**Records provided:**
● ● ●

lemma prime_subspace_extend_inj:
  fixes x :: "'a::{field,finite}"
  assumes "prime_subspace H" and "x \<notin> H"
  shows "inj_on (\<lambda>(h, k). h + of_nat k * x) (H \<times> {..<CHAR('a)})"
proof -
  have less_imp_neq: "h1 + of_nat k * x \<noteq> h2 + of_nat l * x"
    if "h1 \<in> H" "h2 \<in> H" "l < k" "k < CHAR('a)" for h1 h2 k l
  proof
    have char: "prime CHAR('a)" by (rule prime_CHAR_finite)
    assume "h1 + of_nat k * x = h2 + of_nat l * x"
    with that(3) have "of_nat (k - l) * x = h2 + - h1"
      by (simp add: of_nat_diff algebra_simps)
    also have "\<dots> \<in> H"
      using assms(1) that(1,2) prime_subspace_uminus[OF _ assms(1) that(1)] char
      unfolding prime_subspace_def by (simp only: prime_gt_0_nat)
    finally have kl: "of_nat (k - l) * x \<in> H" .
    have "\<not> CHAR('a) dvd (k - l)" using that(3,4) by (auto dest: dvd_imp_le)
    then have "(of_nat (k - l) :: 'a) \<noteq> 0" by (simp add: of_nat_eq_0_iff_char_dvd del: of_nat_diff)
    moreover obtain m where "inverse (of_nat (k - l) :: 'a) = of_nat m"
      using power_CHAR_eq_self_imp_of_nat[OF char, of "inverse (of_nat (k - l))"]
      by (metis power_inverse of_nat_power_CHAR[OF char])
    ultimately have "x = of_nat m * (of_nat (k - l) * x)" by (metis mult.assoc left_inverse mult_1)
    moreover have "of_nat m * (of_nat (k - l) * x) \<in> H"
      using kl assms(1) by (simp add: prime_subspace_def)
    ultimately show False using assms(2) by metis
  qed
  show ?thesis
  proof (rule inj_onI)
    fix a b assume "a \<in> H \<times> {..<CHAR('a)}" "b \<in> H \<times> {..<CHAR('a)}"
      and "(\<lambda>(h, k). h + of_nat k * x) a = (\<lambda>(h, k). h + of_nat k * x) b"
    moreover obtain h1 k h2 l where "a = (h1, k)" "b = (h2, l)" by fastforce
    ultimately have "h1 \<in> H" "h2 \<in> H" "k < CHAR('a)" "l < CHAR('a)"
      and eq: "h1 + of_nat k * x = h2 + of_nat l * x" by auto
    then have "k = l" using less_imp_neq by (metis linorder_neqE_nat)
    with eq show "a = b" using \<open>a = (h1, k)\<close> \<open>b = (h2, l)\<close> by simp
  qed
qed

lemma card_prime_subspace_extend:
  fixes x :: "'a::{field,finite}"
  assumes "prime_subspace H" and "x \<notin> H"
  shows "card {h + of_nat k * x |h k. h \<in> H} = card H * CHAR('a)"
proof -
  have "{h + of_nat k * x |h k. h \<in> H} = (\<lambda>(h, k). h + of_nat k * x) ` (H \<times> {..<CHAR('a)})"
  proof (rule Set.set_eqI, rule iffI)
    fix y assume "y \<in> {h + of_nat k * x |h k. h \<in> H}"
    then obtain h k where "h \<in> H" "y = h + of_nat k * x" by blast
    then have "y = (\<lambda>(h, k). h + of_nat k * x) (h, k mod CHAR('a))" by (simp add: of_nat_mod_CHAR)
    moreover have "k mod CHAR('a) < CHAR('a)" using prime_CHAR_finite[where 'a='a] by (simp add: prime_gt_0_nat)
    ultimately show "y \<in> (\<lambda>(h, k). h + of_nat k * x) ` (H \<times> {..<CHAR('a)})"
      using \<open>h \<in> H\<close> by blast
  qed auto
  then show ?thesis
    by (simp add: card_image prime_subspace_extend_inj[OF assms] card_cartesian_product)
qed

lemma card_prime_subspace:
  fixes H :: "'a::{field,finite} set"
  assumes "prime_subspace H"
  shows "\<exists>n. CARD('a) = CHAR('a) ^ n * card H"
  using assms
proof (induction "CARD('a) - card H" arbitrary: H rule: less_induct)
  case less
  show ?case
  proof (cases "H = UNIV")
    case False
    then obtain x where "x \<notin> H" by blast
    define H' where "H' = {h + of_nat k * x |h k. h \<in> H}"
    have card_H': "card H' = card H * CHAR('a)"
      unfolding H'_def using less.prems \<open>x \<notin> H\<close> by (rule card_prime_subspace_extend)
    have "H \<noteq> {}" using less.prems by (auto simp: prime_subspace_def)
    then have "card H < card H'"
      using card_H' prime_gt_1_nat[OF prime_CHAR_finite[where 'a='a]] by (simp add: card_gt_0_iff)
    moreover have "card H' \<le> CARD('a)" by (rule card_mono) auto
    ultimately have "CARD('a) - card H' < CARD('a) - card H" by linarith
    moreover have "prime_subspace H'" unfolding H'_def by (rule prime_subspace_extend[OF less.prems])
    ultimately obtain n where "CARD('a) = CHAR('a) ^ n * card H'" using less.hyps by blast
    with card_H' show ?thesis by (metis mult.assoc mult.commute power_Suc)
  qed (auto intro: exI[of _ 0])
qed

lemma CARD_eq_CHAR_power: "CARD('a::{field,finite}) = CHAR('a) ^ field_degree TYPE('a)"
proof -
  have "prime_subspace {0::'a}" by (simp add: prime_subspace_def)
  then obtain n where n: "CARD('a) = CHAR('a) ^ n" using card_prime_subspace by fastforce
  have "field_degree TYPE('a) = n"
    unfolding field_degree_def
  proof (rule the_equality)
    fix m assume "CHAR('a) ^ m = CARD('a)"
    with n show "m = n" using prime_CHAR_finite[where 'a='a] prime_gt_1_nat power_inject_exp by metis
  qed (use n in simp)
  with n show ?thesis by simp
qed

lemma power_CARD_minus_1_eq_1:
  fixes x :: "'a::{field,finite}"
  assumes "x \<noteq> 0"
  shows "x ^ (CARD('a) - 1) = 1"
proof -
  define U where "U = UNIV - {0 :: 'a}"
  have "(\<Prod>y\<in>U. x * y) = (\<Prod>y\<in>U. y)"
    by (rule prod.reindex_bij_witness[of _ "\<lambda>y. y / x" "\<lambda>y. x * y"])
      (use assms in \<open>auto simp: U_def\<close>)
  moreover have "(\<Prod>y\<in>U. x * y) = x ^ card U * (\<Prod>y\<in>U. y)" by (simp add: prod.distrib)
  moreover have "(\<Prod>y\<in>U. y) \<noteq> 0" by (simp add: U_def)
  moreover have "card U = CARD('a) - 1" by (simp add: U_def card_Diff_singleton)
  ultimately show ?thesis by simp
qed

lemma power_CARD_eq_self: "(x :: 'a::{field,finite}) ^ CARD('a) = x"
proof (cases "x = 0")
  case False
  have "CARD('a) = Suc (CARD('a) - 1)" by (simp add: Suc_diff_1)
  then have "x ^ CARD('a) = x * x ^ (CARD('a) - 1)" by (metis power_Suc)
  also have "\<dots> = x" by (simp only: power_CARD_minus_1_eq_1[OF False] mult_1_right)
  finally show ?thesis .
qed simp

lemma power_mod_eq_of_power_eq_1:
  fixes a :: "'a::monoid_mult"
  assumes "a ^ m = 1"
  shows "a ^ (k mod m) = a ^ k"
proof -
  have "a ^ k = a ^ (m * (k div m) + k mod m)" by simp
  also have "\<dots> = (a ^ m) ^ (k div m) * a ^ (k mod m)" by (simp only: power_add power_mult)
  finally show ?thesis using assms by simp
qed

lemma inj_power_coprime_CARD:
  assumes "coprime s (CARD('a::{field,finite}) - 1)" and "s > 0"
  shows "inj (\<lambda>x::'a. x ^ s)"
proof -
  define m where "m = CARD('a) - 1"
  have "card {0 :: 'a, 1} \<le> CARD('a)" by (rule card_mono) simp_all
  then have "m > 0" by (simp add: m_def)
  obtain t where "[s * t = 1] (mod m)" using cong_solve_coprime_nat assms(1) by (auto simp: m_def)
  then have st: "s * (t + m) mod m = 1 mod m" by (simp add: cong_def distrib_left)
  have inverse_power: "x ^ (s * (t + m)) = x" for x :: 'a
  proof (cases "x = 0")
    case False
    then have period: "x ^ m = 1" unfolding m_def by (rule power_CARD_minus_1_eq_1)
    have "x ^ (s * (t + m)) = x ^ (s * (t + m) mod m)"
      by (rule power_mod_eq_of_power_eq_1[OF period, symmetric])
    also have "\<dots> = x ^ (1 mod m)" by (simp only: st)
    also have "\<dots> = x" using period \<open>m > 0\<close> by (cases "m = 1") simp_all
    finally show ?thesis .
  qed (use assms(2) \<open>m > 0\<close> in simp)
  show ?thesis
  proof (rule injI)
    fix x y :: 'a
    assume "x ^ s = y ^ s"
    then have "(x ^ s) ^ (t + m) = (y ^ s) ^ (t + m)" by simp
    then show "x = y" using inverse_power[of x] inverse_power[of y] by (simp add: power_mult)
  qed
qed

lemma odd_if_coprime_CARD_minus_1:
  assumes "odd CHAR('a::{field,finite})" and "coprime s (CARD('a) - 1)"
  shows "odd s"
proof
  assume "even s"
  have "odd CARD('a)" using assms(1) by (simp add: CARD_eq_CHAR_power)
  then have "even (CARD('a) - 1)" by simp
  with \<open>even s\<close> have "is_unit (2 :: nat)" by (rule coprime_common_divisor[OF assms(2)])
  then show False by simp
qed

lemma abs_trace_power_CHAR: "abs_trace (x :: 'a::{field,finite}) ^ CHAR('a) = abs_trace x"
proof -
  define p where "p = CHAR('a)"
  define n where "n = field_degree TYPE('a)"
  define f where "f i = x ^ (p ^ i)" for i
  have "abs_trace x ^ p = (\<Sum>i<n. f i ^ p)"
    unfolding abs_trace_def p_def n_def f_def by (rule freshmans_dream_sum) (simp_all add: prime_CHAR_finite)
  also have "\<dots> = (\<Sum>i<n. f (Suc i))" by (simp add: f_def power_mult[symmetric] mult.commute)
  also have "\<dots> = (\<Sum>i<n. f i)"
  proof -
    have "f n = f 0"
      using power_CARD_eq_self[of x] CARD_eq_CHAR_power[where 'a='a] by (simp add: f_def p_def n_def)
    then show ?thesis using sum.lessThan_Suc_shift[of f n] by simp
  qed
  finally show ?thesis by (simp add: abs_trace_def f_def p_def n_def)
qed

● ● ●

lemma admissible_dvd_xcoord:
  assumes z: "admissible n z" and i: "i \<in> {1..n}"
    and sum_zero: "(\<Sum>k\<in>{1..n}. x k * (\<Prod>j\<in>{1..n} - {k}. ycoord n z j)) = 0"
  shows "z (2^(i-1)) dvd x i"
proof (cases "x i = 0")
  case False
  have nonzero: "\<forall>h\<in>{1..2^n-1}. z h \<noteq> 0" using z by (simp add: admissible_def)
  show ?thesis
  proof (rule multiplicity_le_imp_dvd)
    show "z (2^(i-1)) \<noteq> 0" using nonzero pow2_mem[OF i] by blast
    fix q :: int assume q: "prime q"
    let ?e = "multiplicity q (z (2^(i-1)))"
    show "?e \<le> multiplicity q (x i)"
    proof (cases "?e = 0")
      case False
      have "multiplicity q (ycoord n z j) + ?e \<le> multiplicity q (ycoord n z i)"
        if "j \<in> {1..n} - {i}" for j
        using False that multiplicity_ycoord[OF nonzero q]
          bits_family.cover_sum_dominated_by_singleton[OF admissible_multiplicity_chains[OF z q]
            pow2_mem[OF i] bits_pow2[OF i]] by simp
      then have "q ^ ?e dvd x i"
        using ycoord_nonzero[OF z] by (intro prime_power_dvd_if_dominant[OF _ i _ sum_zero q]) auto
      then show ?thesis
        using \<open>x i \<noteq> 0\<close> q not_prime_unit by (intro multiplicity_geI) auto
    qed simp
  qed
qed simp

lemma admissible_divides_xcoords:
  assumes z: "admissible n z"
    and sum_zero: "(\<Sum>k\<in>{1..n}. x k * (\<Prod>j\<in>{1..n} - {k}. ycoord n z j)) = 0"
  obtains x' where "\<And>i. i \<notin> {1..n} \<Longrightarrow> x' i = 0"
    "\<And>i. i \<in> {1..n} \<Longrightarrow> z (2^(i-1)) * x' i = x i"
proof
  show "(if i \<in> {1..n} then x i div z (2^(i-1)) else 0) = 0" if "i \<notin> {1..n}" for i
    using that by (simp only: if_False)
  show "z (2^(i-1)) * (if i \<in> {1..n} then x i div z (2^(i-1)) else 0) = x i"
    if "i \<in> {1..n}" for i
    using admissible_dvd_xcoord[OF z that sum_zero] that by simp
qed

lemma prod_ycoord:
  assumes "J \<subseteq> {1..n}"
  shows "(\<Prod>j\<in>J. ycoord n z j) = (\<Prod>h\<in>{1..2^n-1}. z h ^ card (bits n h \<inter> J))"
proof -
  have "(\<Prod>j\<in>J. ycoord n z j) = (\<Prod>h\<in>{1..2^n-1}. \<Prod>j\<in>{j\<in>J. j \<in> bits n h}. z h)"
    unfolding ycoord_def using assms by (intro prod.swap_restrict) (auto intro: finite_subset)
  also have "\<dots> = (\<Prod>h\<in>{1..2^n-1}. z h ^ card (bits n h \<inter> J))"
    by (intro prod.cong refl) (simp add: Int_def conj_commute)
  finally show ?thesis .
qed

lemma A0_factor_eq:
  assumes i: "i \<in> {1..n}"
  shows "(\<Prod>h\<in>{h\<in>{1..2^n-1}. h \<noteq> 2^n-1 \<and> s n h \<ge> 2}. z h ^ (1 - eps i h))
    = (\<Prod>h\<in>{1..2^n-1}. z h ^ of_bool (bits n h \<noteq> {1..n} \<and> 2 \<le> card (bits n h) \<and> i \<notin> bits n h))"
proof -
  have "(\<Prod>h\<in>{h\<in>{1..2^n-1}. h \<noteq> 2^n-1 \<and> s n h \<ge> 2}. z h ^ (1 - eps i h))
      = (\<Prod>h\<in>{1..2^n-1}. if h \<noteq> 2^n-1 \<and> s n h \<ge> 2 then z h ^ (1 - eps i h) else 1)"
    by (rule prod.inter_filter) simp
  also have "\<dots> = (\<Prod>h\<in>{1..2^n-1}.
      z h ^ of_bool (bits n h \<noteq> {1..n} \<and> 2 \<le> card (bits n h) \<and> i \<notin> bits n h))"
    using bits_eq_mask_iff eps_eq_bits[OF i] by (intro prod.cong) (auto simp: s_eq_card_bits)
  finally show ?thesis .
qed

● ● ●

**How to complete this task:**
Your answer must be one number: how many lines of the data contain "TYPE".

**Answer to the problem:**
3